Les dirigeants syndicaux
réformistes, acquis à la défense
de la compétitivité, tentent d’empêcher
un puissant mouvement
de lutte et de grèves. Comme à
chaque contre-réforme, la CFDT
se réjouit de retrouver dans la
réforme ses propositions. La
CGT rejette bien l’idée d’allonger
la durée de cotisation à 43 ans et
de toute modification du calcul
pour les fonctionnaires. La direction
de la CGT s’incrit dans l’agenda
de la bourgeoisie (« Nous
allons nous saisir de l’opportunité
de la conférence sociale des 20 et 21
juin pour porter le débat sur l’ensemble
des éléments qui permettrait
de relancer une véritable dynamique
de progrès social dans notre pays »,
disait-elle peu après la publication
du rapport Moreau) avec
des appels à une autre politique
de l’emploi, sans mobiliser les
travailleurs autrement que pour
la journée d’action du 10 septembre,
sans dénoncer sur le fond les
positions de la CFDT.
L’URCF appelle à la mobilisation
pour la défense de nos revendications,
du droit des travailleurs
âgés à profiter de leur retraite
et aux jeunes de trouver du
travail.
Les communistes ne préconisent
pas une autre réforme dans
le cadre de l’exploitation capitaliste,
mais luttent pour le renversement
du capitalisme et son
remplacement par une société
socialiste. C’est en effet dans une
société où les moyens de production
et d’échanges n’appartiennent
plus à des propriétaires privés
et où la production est orientée
vers la satisfaction des besoins
de la population travailleuse que
le droit à une retraite paisible est
pleinement garanti.

L’URCF propose comme revendications
le retour à la retraite
à 60 ans au bout de 37,5 annuités,
la nationalisation des monopoles
capitalistes, qui constitue un axe
de lutte pour défendre et sauvegarder
les emplois. Et si cela ne
suffit pas, il y a encore les milliards
d’euros que le gouvernement
s’apprête à engloutir dans
une agression contre la Syrie
pour lui voler son gaz et briser un
des maillons de l’axe de la Résistance
à la sainte-alliance : USA,
Israël, France, Qatar, Turquie
Arabie Saoudite et autres islamofascistes.

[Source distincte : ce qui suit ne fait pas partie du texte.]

text \<open>Observation probabilities follow the mean-offspring matrix: since delta k depends on the zeta
  of earlier individuals only, it is independent of zeta k, and E[delta (2k+c)] = E[delta k] p_{k mod 2, c}.\<close>
lemma expectation_delta_daughter:
  assumes k: "k \<ge> 1" and c: "c \<le> 1"
  shows "expectation (delta (2*k+c)) = expectation (delta k) * pmat p (k mod 2) c"
proof -
  let ?Zk = "vimage_algebra (space M) (\<lambda>\<omega>. restrict (\<lambda>m. zeta m \<omega>) {k}) (PiM {k} (\<lambda>_. count_space UNIV))"
  have "indep_var (PiM {1..<k} (\<lambda>_. count_space UNIV)) (\<lambda>\<omega>. restrict (\<lambda>m. zeta m \<omega>) {1..<k})
       (PiM {k} (\<lambda>_. count_space UNIV)) (\<lambda>\<omega>. restrict (\<lambda>m. zeta m \<omega>) {k})"
    by (rule indep_var_restrict[OF zeta_indep]) (use k in auto)
  then have ind: "indep_set (sets (zeta_before k)) (sets ?Zk)"
    unfolding indep_var_eq zeta_before_def sets_vimage_algebra by simp
  have "(\<lambda>\<omega>. (\<lambda>x. daughter_flag c (x k)) (restrict (\<lambda>m. zeta m \<omega>) {k})) \<in> borel_measurable ?Zk"
  proof (rule measurable_vimage_algebra_comp)
    show "(\<lambda>\<omega>. restrict (\<lambda>m. zeta m \<omega>) {k}) \<in> space M \<rightarrow> space (PiM {k} (\<lambda>_. count_space UNIV))"
      by (auto simp: space_PiM)
    show "(\<lambda>x. daughter_flag c (x k)) \<in> borel_measurable (PiM {k} (\<lambda>_. count_space UNIV))"
      using measurable_comp[OF measurable_component_singleton[of k "{k}" "\<lambda>_. count_space UNIV"],
          of "daughter_flag c" borel]
      by (simp add: comp_def)
  qed
  then have flag_meas: "(\<lambda>\<omega>. daughter_flag c (zeta k \<omega>)) \<in> borel_measurable ?Zk"
    by simp
  have int_delta: "integrable M (delta k)"
  proof (rule integrable_const_bound[where B=1])
    show "AE \<omega> in M. norm (delta k \<omega>) \<le> 1"
    proof (intro AE_I2)
      fix \<omega> show "norm (delta k \<omega>) \<le> 1" using delta_01[OF k, of \<omega>] by auto
    qed
  qed (rule delta_measurable[OF k])
  have int_flag: "integrable M (\<lambda>\<omega>. daughter_flag c (zeta k \<omega>))"
  proof (rule integrable_const_bound[where B=1])
    show "AE \<omega> in M. norm (daughter_flag c (zeta k \<omega>)) \<le> 1"
      by (intro AE_I2) (simp add: daughter_flag_def)
  qed (use zeta_meas[OF k] in measurable)
  have "expectation (delta (2*k+c)) = (\<integral>\<omega>. delta k \<omega> * daughter_flag c (zeta k \<omega>) \<partial>M)"
    by (intro Bochner_Integration.integral_cong) (simp_all add: delta_daughter[OF k c])
  also have "\<dots> = expectation (delta k) * (\<integral>\<omega>. daughter_flag c (zeta k \<omega>) \<partial>M)"
    using indep_vimage_integral(2)[OF ind[unfolded zeta_before_def] _ flag_meas int_delta int_flag]
      delta_measurable_before[OF k order_refl] by (simp add: zeta_before_def)
  also have "(\<integral>\<omega>. daughter_flag c (zeta k \<omega>) \<partial>M) = (\<integral>z. daughter_flag c z \<partial>measure_pmf (p (k mod 2)))"
    using integral_distr[OF zeta_meas[OF k], of "daughter_flag c"] by (simp add: zeta_law[OF k])
  also have "\<dots> = (\<Sum>z\<in>UNIV. daughter_flag c z * pmf (p (k mod 2)) z)"
    by (rule integral_measure_pmf_real) auto
  also have "\<dots> = pmat p (k mod 2) c"
    using c unfolding pmat_def daughter_flag_def UNIV_Times_UNIV[symmetric] UNIV_bool by (cases c) auto
  finally show ?thesis .
qed
(* Let $k\leq n/2$. Then the language $B^*_{n,k}=\{w \in \{0,1\}^* : |w|_1\geq k,\ |w|_0 \geq n-k\}$ requires regular expressions of length at least $\mathrm{rpn}(B^*_{n,k}) \geq nk^{\Omega( \log k)}$.
   Context: $|w|_a$ is the number of occurrences of letter $a$ in $w$. Regular expressions are built from $\epsilon$ and letters by union, concatenation and star (no $\emptyset$); $\mathrm{rpn}(L)$ is the minimum number of syntax-tree nodes of an expression describing $L$. Logarithms are base 2. *)

theory Defs
  imports Complex_Main
begin

datatype 'a rexp = Eps | Lit 'a | Plus "'a rexp" "'a rexp" | Times "'a rexp" "'a rexp" | Star "'a rexp"

definition conc :: "'a list set \<Rightarrow> 'a list set \<Rightarrow> 'a list set" where
  "conc A B = {u @ v | u v. u \<in> A \<and> v \<in> B}"

definition kleene :: "'a list set \<Rightarrow> 'a list set" where
  "kleene A = {concat ws | ws. set ws \<subseteq> A}"

fun lang :: "'a rexp \<Rightarrow> 'a list set" where
  "lang Eps = {[]}"
| "lang (Lit a) = {[a]}"
| "lang (Plus r s) = lang r \<union> lang s"
| "lang (Times r s) = conc (lang r) (lang s)"
| "lang (Star r) = kleene (lang r)"

fun rsize :: "'a rexp \<Rightarrow> nat" where
  "rsize Eps = 1"
| "rsize (Lit a) = 1"
| "rsize (Plus r s) = rsize r + rsize s + 1"
| "rsize (Times r s) = rsize r + rsize s + 1"
| "rsize (Star r) = rsize r + 1"

definition rpn :: "'a list set \<Rightarrow> nat" where
  "rpn L = (LEAST m. \<exists>r. lang r = L \<and> rsize r = m)"

definition occ :: "'a list \<Rightarrow> 'a \<Rightarrow> nat" where
  "occ w a = length (filter (\<lambda>x. x = a) w)"

text \<open>Binary alphabet: letter 1 is True, letter 0 is False.\<close>
definition Bstar :: "nat \<Rightarrow> nat \<Rightarrow> bool list set" where
  "Bstar n k = {w. occ w True \<ge> k \<and> occ w False \<ge> n - k}"

end

theory Submission
  imports Defs
begin

text \<open>Fix an expression \<open>r\<close> of minimal size for \<open>Bstar n k\<close>. Its minimal words, those with
  componentwise least numbers of ones and zeros, are the indicator words of the \<open>k\<close>-subsets
  of \<open>{0..<n}\<close>, and a minimal word of a concatenation splits into minimal words of the
  factors. Hence, for any set \<open>B\<close> of positions, every minimal word follows a heavy path of
  \<open>r\<close>: a descent towards a letter through nested windows, each keeping at least half of the
  points of \<open>B\<close> in its parent. Heavy paths for disjoint sets end in distinct letters, so
  together there are at most \<open>(rsize r + 1) / 2\<close> of them.

  Singletons \<open>B = {j}\<close> give \<open>rsize r \<ge> 2 * n - 1\<close>. For a block \<open>B\<close> of \<open>2 * k\<close> positions,
  the \<open>k\<close>-subsets of \<open>B\<close> following one heavy path number at most a product of central
  binomial coefficients along the halving chain of window counts, which is at most
  \<open>4 ^ k / sqrt (X ^ m)\<close> when \<open>8 ^ m * X \<le> 2 * k\<close>. As there are at least \<open>4 ^ k / (2 * k)\<close>
  such subsets, \<open>B\<close> needs \<open>sqrt (X ^ m) / (2 * k)\<close> heavy paths. With \<open>X = 8 ^ m\<close> and
  \<open>64 ^ m \<approx> 2 * k\<close>, summing over \<open>n / (2 * k)\<close> disjoint blocks gives
  \<open>rsize r \<ge> n * k ^ \<Omega>(log k)\<close>.\<close>

section \<open>Central binomial coefficients\<close>

lemma central_binomial_Suc:
  "Suc j * (2 * Suc j choose Suc j) = 2 * (2 * j + 1) * (2 * j choose j)"
  by (metis Suc_eq_plus1 Suc_times_binomial Suc_times_binomial_add
      add_2_eq_Suc add_mult_distrib mult_Suc_right nat_mult_1 one_add_one)
lemma card_Diff_le_floor_of_cover:
  assumes "finite V" "S \<subseteq> V" "V \<subseteq> (\<Union>s\<in>S. B s)" "\<And>s. s \<in> S \<Longrightarrow> finite (B s) \<and> card (B s) \<le> m"
  shows "int (card V - card S) \<le> \<lfloor>real (card V) * (1 - 1 / real m)\<rfloor>"
proof (rule diff_le_floor_of_le_mult)
  show "card V \<le> card S * m"
    using assms by (intro card_le_mult_of_cover[where B = B]) (auto dest: finite_subset)
  show "card S \<le> card V" using assms(1,2) by (rule card_mono)
qed

lemma gamma_DLD_le_card: "graph V E \<Longrightarrow> solid_LD V E C \<Longrightarrow> gamma_DLD V E \<le> card C"
  unfolding gamma_DLD_def by (rule Min_card_le[OF graph_finite]) (auto simp: solid_LD_def code_def)

lemma gamma_SLD_le_card: "graph V E \<Longrightarrow> self_LD V E C \<Longrightarrow> gamma_SLD V E \<le> card C"
  unfolding gamma_SLD_def by (rule Min_card_le[OF graph_finite]) (auto simp: self_LD_def code_def)

lemma card_Diff_beta2_le_floor:
  assumes G: "graph V E" and conn: "connected_graph V E"
  shows "int (card V - beta2 V E) \<le> \<lfloor>real (card V) * (1 - 1 / (real (max_degree V E) ^ 2 + 1))\<rfloor>"
proof -
  obtain P where P: "two_packing V E P" "card P = beta2 V E" "V \<subseteq> (\<Union>s\<in>P. ball2 V E s)"
    using obtain_maximum_two_packing[OF G conn] .
  have "P \<subseteq> V" using P(1) unfolding two_packing_def by blast
  have "int (card V - card P) \<le> \<lfloor>real (card V) * (1 - 1 / real (max_degree V E ^ 2 + 1))\<rfloor>"
    by (rule card_Diff_le_floor_of_cover[OF graph_finite[OF G] \<open>P \<subseteq> V\<close> P(3)])
      (use card_ball2_le[OF G] \<open>P \<subseteq> V\<close> graph_finite[OF G] in \<open>auto simp: ball2_def\<close>)
  then show ?thesis using P(2) by (simp add: add.commute)
qed
theorem lemma3p2:
  fixes N k :: nat and \<nu>0 :: "(nat \<Rightarrow> nat) \<Rightarrow> real" and C :: "real \<Rightarrow> nat set"
    and us :: "(real \<times> nat) list" and t :: real
  assumes "k \<ge> 3"
    and "is_distribution N \<nu>0"
    and "increasing_fun N (\<lambda>\<sigma>. \<nu>0 \<sigma> / mu N \<sigma>)"
    and "censoring_scheme N C"
    and "update_times N k us"
    and "t \<ge> 0"
  shows "increasing_fun N (\<lambda>\<sigma>. law N k C \<nu>0 us t \<sigma> / mu N \<sigma>)
         \<and> stoch_dom N (law N k C \<nu>0 us t) (law N k (\<lambda>_. {}) \<nu>0 us t)"
proof -
  have "\<forall>u\<in>set (filter (\<lambda>u. fst u \<le> t) us). 1 \<le> snd u \<and> snd u + k \<le> N + 1"
    using assms(5) unfolding update_times_def by auto
  moreover have "increasing_fun N \<nu>0" using assms(3) by (simp add: increasing_fun_div_mu)
  moreover have "stoch_dom N \<nu>0 \<nu>0" unfolding stoch_dom_def by simp
  ultimately show ?thesis
    unfolding law_def increasing_fun_div_mu by (rule increasing_stoch_dom_foldl_step)
qed

end
(* Let $\mathscr T^+$ be the set of $(t,\omega)\in[0,T]\times\Omega$ such that $\nu(\{x:\psi_t(x)<0\})=0$, and $\mathscr T^-$ the set of $(t,\omega)$ such that $\nu(\{x:\psi_t(x)>0\})=0$. Assume (1) $\varphi_t<\int_{\mathbb R^*}\psi_t(x)\,\nu(dx)$ for all $(t,\omega)\in\mathscr T^+$; (2) $\varphi_t>\int_{\mathbb R^*}\psi_t(x)\,\nu(dx)$ for all $(t,\omega)\in\mathscr T^-$. Then for every $u\in\mathrm L^2(\nu)\cap\mathrm L^\infty(\nu)$ and every $t\in[0,T]$ (and $\omega$), the function $\lambda:\mathcal C\to\mathbb R$, $$\lambda(\pi)=\int_{\mathbb R^*}g_\alpha\big(u(x)-\pi\psi_t(x)\big)\,\nu(dx)-\pi\varphi_t,$$ admits a minimum in $\mathcal C$. If $\mathcal C=\mathbb R$, the minimum is unique.
   Context: Setting: $T>0$; $\nu$ is a positive measure on $\mathbb R^*=\mathbb R\setminus\{0\}$ with $\nu(\{0\})=0$ and $\int(1\wedge|x|^2)\nu(dx)<\infty$ (the Lévy measure of a Poisson point process on a filtered probability space $(\Omega,\mathcal F,(\mathcal F_t),\mathbb P)$ which, together with an independent Brownian motion, generates the filtration). $\varphi=(\varphi_t)$ is a uniformly bounded predictable real process and $\psi=\psi_t(x)$ is a uniformly bounded predictable (i.e. $\mathcal P\otimes\mathcal B(\mathbb R^* )$-measurable) process with $\mathbb E\int_0^T\int\psi_t(x)^2\nu(dx)dt<\infty$ and $\psi>-1$. $\alpha>0$ and $g_\alpha(y)=\frac{e^{\alpha y}-\alpha y-1}{\alpha}$. $\mathcal C\subseteq\mathbb R$ is a closed set with $0\in\mathcal C$. $\mathrm L^2(\nu)$ and $\mathrm L^\infty(\nu)$ denote measurable $u:\mathbb R\to\mathbb R$ that are square-integrable w.r.t. $\nu$, resp. $\nu$-a.e. bounded. *)

theory Defs
  imports "HOL-Analysis.Analysis"
begin
(* Let $(G,u,v,\alpha,\beta)$ be a Guvab. The sequence $W(\mu_k,\nu_k)$ does not converge as $k\to\infty$ if and only if $G$ is bipartite, $\alpha=0$, $\beta=1$, and $$\sum_{w\in V(G)}(-1)^{d(v,w)}\,d(v,w)\,\deg(w)\ne0.$$
   Context: A Guvab is a tuple $(G,u,v,\alpha,\beta)$ where $G$ is a finite, connected, simple graph, $u,v\in V(G)$, and $\alpha,\beta\in[0,1]$ with $\alpha\le\beta$. A random walk on $G$ with starting vertex $w$ and laziness $\gamma$ is the Markov chain $R_0=w$ and, for $i\ge1$, $R_i=R_{i-1}$ with probability $\gamma$ and $R_i=t$ with probability $\frac{1-\gamma}{\deg(R_{i-1})}$ for each neighbor $t$ of $R_{i-1}$. $\mu_k$ is the distribution after $k$ steps of the walk from $u$ with laziness $\alpha$, and $\nu_k$ that of the walk from $v$ with laziness $\beta$. $W(\mu,\nu)$ is the Wasserstein ($L^1$ optimal transport) distance with respect to the graph distance $d$: the minimum over transportation plans (nonnegative $T$ on $V(G)\times V(G)$ with marginals $\mu,\nu$) of $\sum d(w_1,w_2)T(w_1,w_2)$. *)

theory Defs
  imports "HOL-Analysis.Analysis"
begin

definition simple_graph :: "'a set \<Rightarrow> ('a \<Rightarrow> 'a \<Rightarrow> bool) \<Rightarrow> bool" where
  "simple_graph V E \<longleftrightarrow> finite V \<and> V \<noteq> {} \<and>
     (\<forall>x y. E x y \<longrightarrow> x \<in> V \<and> y \<in> V) \<and>
     (\<forall>x y. E x y \<longrightarrow> E y x) \<and> (\<forall>x. \<not> E x x)"

definition adj_rel :: "('a \<Rightarrow> 'a \<Rightarrow> bool) \<Rightarrow> ('a \<times> 'a) set" where
  "adj_rel E = {(x, y). E x y}"
text \<open>The sink of the subcube at v spanned by C: set all coordinates of C - {n} to 1,
  then choose coordinate n (if n \<in> C) to agree with f.\<close>
lemma USO_Phi:
  assumes n: "2 \<le> n"
  shows "USO n (Phi n f)"
  unfolding USO_def
proof (intro conjI allI impI is_orientation_Phi[OF n])
  fix v C assume v: "v \<subseteq> {1..n}" and C: "C \<subseteq> {1..n}"
  have sink: "is_sink_in (Phi n f) v C u \<longleftrightarrow> flipset v u \<subseteq> C \<and>
    (\<forall>i\<in>C. if i = n then (n \<in> u) = f (u - {n}) else i \<in> u)" for u
    using sink_reorient_Phi[OF v C n, of "{}" f u] by simp
  define u1 where "u1 = v \<union> (C - {n})"
  define u where "u = (if n \<in> C \<and> (n \<in> u1) \<noteq> f (u1 - {n}) then flip u1 n else u1)"
  have "is_sink_in (Phi n f) v C u"
    unfolding sink
  proof
    show "flipset v u \<subseteq> C" unfolding u_def u1_def by auto
    have "u - {n} = u1 - {n}" unfolding u_def by auto
    then show "\<forall>i\<in>C. if i = n then (n \<in> u) = f (u - {n}) else i \<in> u"
      unfolding u_def u1_def by auto
  qed
  moreover have "w1 = w2" if "is_sink_in (Phi n f) v C w1" "is_sink_in (Phi n f) v C w2" for w1 w2
  proof -
    have in_C: "\<forall>i\<in>C. if i = n then (n \<in> w1) = f (w1 - {n}) else i \<in> w1"
      "\<forall>i\<in>C. if i = n then (n \<in> w2) = f (w2 - {n}) else i \<in> w2"
      and out_C: "flipset v w1 \<subseteq> C" "flipset v w2 \<subseteq> C"
      using that sink by auto
    have below_n: "x \<in> w1 \<longleftrightarrow> x \<in> w2" if "x \<noteq> n" for x
    proof (cases "x \<in> C")
      case True
      then show ?thesis using in_C that by auto
    next
      case False
      then have "x \<notin> flipset v w1" "x \<notin> flipset v w2" using out_C by auto
      then show ?thesis by simp
    qed
    then have "w1 - {n} = w2 - {n}" by blast
    have "n \<in> w1 \<longleftrightarrow> n \<in> w2"
    proof (cases "n \<in> C")
      case True
      then show ?thesis using in_C \<open>w1 - {n} = w2 - {n}\<close> by force
    next
      case False
      then have "n \<notin> flipset v w1" "n \<notin> flipset v w2" using out_C by auto
      then show ?thesis by simp
    qed
    show ?thesis
    proof (rule set_eqI)
      fix x
      show "x \<in> w1 \<longleftrightarrow> x \<in> w2"
        using below_n \<open>n \<in> w1 \<longleftrightarrow> n \<in> w2\<close> by (cases "x = n") auto
    qed
  qed
  ultimately show "\<exists>!u. is_sink_in (Phi n f) v C u" by blast
qed
lemma (in prob_space) expectation_sqrt_ln_Max_cong_AE:
  fixes X Z :: "nat \<Rightarrow> 'a \<Rightarrow> real" and a :: "nat \<Rightarrow> real"
  assumes "\<And>j. j \<in> {1..n} \<Longrightarrow> X j \<in> borel_measurable M" "\<And>j. j \<in> {1..n} \<Longrightarrow> Z j \<in> borel_measurable M"
    and "\<And>j. j \<in> {1..n} \<Longrightarrow> AE x in M. X j x = Z j x"
  shows "expectation (\<lambda>x. sqrt (ln (exp 1 + (\<Sum>j=1..n. X j x))) * Max ((\<lambda>j. X j x * a j) ` {1..n}))
           = expectation (\<lambda>x. sqrt (ln (exp 1 + (\<Sum>j=1..n. Z j x))) * Max ((\<lambda>j. Z j x * a j) ` {1..n}))"
proof (rule integral_cong_AE)
  have "(\<lambda>x. sqrt (ln (exp 1 + (\<Sum>j=1..n. V j x))) * Max ((\<lambda>j. V j x * a j) ` {1..n})) \<in> borel_measurable M"
    if "\<And>j. j \<in> {1..n} \<Longrightarrow> V j \<in> borel_measurable M" for V :: "nat \<Rightarrow> 'a \<Rightarrow> real"
  proof -
    have "(\<lambda>x. \<Sum>j=1..n. V j x) \<in> borel_measurable M"
      using that by (intro borel_measurable_sum) auto
    moreover have "(\<lambda>x. Max ((\<lambda>j. V j x * a j) ` {1..n})) \<in> borel_measurable M"
      using that by (intro borel_measurable_Max) auto
    ultimately show ?thesis by measurable
  qed
  thus "(\<lambda>x. sqrt (ln (exp 1 + (\<Sum>j=1..n. X j x))) * Max ((\<lambda>j. X j x * a j) ` {1..n})) \<in> borel_measurable M"
    "(\<lambda>x. sqrt (ln (exp 1 + (\<Sum>j=1..n. Z j x))) * Max ((\<lambda>j. Z j x * a j) ` {1..n})) \<in> borel_measurable M"
    using assms(1,2) by blast+
  have "AE x in M. \<forall>j\<in>{1..n}. X j x = Z j x"
    using assms(3) by (intro AE_finite_allI) auto
  thus "AE x in M. sqrt (ln (exp 1 + (\<Sum>j=1..n. X j x))) * Max ((\<lambda>j. X j x * a j) ` {1..n})
                 = sqrt (ln (exp 1 + (\<Sum>j=1..n. Z j x))) * Max ((\<lambda>j. Z j x * a j) ` {1..n})"
  proof eventually_elim
    case (elim x)
    hence "(\<Sum>j=1..n. X j x) = (\<Sum>j=1..n. Z j x)"
      "(\<lambda>j. X j x * a j) ` {1..n} = (\<lambda>j. Z j x * a j) ` {1..n}"
      by (auto intro!: sum.cong image_cong)
    thus ?case by simp
  qed
qed
lemma AE_pair_pair_swap12:
  assumes "AE p in M \<Otimes>\<^sub>M (M \<Otimes>\<^sub>M M). P (fst p) (fst (snd p)) (snd (snd p))"
  shows "AE p in M \<Otimes>\<^sub>M (M \<Otimes>\<^sub>M M). P (fst (snd p)) (fst p) (snd (snd p))"
proof -
  have "AE p in distr (M \<Otimes>\<^sub>M (M \<Otimes>\<^sub>M M)) (M \<Otimes>\<^sub>M (M \<Otimes>\<^sub>M M)) (\<lambda>(x, (y, z)). (y, (x, z))).
          P (fst p) (fst (snd p)) (snd (snd p))"
    using assms by (simp only: distr_pair_pair_swap12)
  from AE_distrD[OF _ this] show ?thesis
    by (simp add: split_beta)
qed

lemma AE_pair_pair_swap23:
  assumes "AE p in M \<Otimes>\<^sub>M (M \<Otimes>\<^sub>M M). P (fst p) (fst (snd p)) (snd (snd p))"
  shows "AE p in M \<Otimes>\<^sub>M (M \<Otimes>\<^sub>M M). P (fst p) (snd (snd p)) (fst (snd p))"
proof -
  have "AE p in distr (M \<Otimes>\<^sub>M (M \<Otimes>\<^sub>M M)) (M \<Otimes>\<^sub>M (M \<Otimes>\<^sub>M M)) (\<lambda>(x, (y, z)). (x, (z, y))).
          P (fst p) (fst (snd p)) (snd (snd p))"
    using assms by (simp only: distr_pair_pair_swap23)
  from AE_distrD[OF _ this] show ?thesis
    by (simp add: split_beta)
qed

lemma AE_pair_pair_AE_last:
  assumes "AE p in M \<Otimes>\<^sub>M (M \<Otimes>\<^sub>M M). P (fst p) (fst (snd p)) (snd (snd p))"
  shows "AE q in M \<Otimes>\<^sub>M M. AE z in M. P (fst q) (snd q) z"
proof -
  interpret MM: pair_sigma_finite M M ..
  interpret MM_M: pair_sigma_finite "M \<Otimes>\<^sub>M M" M ..
  have "AE p in distr ((M \<Otimes>\<^sub>M M) \<Otimes>\<^sub>M M) (M \<Otimes>\<^sub>M (M \<Otimes>\<^sub>M M))
                 (\<lambda>p. (fst (fst p), (snd (fst p), snd p))).
          P (fst p) (fst (snd p)) (snd (snd p))"
    using assms by (simp only: distr_pair_measure_assoc)
  from AE_distrD[OF _ this]
  have "AE p in (M \<Otimes>\<^sub>M M) \<Otimes>\<^sub>M M. P (fst (fst p)) (snd (fst p)) (snd p)"
    by simp
  then show ?thesis
    using MM_M.AE_pair by fastforce
qed

lemma AE_pair_section_sublevel_pos:
  fixes g :: "'a \<times> 'a \<Rightarrow> real"
  assumes g[measurable]: "g \<in> borel_measurable (M \<Otimes>\<^sub>M M)"
  shows "AE q in M \<Otimes>\<^sub>M M. 0 < emeasure M {y \<in> space M. g (fst q, y) \<le> g q}"
proof -
  interpret MM: pair_sigma_finite M M ..
  define R where "R = {p \<in> space ((M \<Otimes>\<^sub>M M) \<Otimes>\<^sub>M M). g (fst (fst p), snd p) \<le> g (fst p)}"
  have R: "R \<in> sets ((M \<Otimes>\<^sub>M M) \<Otimes>\<^sub>M M)"
    unfolding R_def by measurable
  have "Pair q -` R = {y \<in> space M. g (fst q, y) \<le> g q}" if "q \<in> space (M \<Otimes>\<^sub>M M)" for q
    using that unfolding R_def by (auto simp: space_pair_measure)
  then have [measurable]:
    "(\<lambda>q. emeasure M {y \<in> space M. g (fst q, y) \<le> g q}) \<in> borel_measurable (M \<Otimes>\<^sub>M M)"
    using measurable_emeasure_Pair[OF R] by (simp cong: measurable_cong)
  show ?thesis
  proof (rule MM.AE_pair_measure)
    show "AE x in M. AE y in M. 0 < emeasure M {z \<in> space M. g (fst (x, y), z) \<le> g (x, y)}"
      by (rule AE_I2) (simp add: AE_sublevel_pos)
  qed measurable
qed

end

context prob_space
begin

lemma AE_pair_fst:
  assumes "AE x in M. P x"
  shows "AE q in M \<Otimes>\<^sub>M M. P (fst q)"
proof (rule AE_distrD[where M'=M])
  show "AE x in distr (M \<Otimes>\<^sub>M M) M fst. P x"
    using assms by (simp only: distr_pair_fst)
qed simp

lemma AE_pair_snd:
  assumes "AE x in M. P x"
  shows "AE q in M \<Otimes>\<^sub>M M. P (snd q)"
proof -
  interpret MM: pair_prob_space M M ..
  have "AE q in distr (M \<Otimes>\<^sub>M M) (M \<Otimes>\<^sub>M M) (\<lambda>(x, y). (y, x)). P (fst q)"
    using AE_pair_fst[OF assms] by (simp only: MM.distr_pair_swap[symmetric])
  from AE_distrD[OF _ this] show ?thesis
    by (simp add: split_beta)
qed

end

lemma ultrametric_on_collapse:
  fixes d :: "'a \<Rightarrow> 'a \<Rightarrow> real"
  assumes "p ` X \<subseteq> G"
    and nonneg: "\<And>x z. x \<in> G \<Longrightarrow> z \<in> G \<Longrightarrow> 0 \<le> d x z"
    and sym: "\<And>x z. x \<in> G \<Longrightarrow> z \<in> G \<Longrightarrow> d x z = d z x"
    and ultra: "\<And>x y z. x \<in> G \<Longrightarrow> y \<in> G \<Longrightarrow> z \<in> G \<Longrightarrow> d x z \<le> max (d x y) (d y z)"
  shows "ultrametric_on X (\<lambda>x z. if p x = p z then 0 else d (p x) (p z))"
    (is "ultrametric_on X ?d")
proof -
  have G: "p x \<in> G" if "x \<in> X" for x
    using assms(1) that by blast
  show ?thesis
    unfolding ultrametric_on_def semimetric_on_def
  proof (intro conjI ballI)
    fix x y z assume "x \<in> X" "y \<in> X" "z \<in> X"
    note G = G[OF \<open>x \<in> X\<close>] G[OF \<open>y \<in> X\<close>] G[OF \<open>z \<in> X\<close>]
    show "0 \<le> ?d x y" "?d x y = ?d y x" "?d x x = 0"
      using nonneg[OF G(1,2)] sym[OF G(1,2)] by auto
    show ultra_xyz: "?d x z \<le> max (?d x y) (?d y z)"
      using ultra[OF G] nonneg[OF G(1,2)] nonneg[OF G(2,3)] by auto
    show "?d x z \<le> ?d x y + ?d y z"
      using ultra_xyz nonneg[OF G(1,2)] nonneg[OF G(2,3)] by auto
  qed
qed

locale ae_ultrametric = prob_space M for M :: "'a measure" +
  fixes \<rho> :: "'a \<Rightarrow> 'a \<Rightarrow> real" and g :: "'a \<times> 'a \<Rightarrow> real"
  assumes nonneg: "x \<in> space M \<Longrightarrow> y \<in> space M \<Longrightarrow> 0 \<le> \<rho> x y"
    and sym: "x \<in> space M \<Longrightarrow> y \<in> space M \<Longrightarrow> \<rho> x y = \<rho> y x"
    and diag: "x \<in> space M \<Longrightarrow> \<rho> x x = 0"
    and g_measurable[measurable]: "g \<in> borel_measurable (M \<Otimes>\<^sub>M M)"
    and AE_eq_g: "AE p in M \<Otimes>\<^sub>M M. \<rho> (fst p) (snd p) = g p"
    and AE_ultra: "AE p in M \<Otimes>\<^sub>M (M \<Otimes>\<^sub>M M).
      \<rho> (fst p) (snd (snd p)) \<le> max (\<rho> (fst p) (fst (snd p))) (\<rho> (fst (snd p)) (snd (snd p)))"
begin

definition ultra_ineq :: "'a \<Rightarrow> 'a \<Rightarrow> 'a \<Rightarrow> bool" where
  "ultra_ineq x y z \<longleftrightarrow> \<rho> x z \<le> max (\<rho> x y) (\<rho> y z)"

Ensuite, il faut instaurer
le contrôle ouvrier sur les caisses
de retraite qui doivent être gérées
exclusivement par les travailleurs.
Pour l’emploi, la diminution
du temps de travail sans annualisation
et avec embauches
obligatoires.

(1) Le Marxisme nous enseigne que
la journée de travail se divise en deux
parts inégales : la partie payée (le salaire,
qui est toujours inférieur au prix
de la force de travail), et la partie gratuite,
où se dégage la plus-value empochée
par le Capital. En moyenne, en
France, 3 heures de travail payées pour
5 heures de travail gratuites. C’est le
coeur de l’exploitation capitaliste.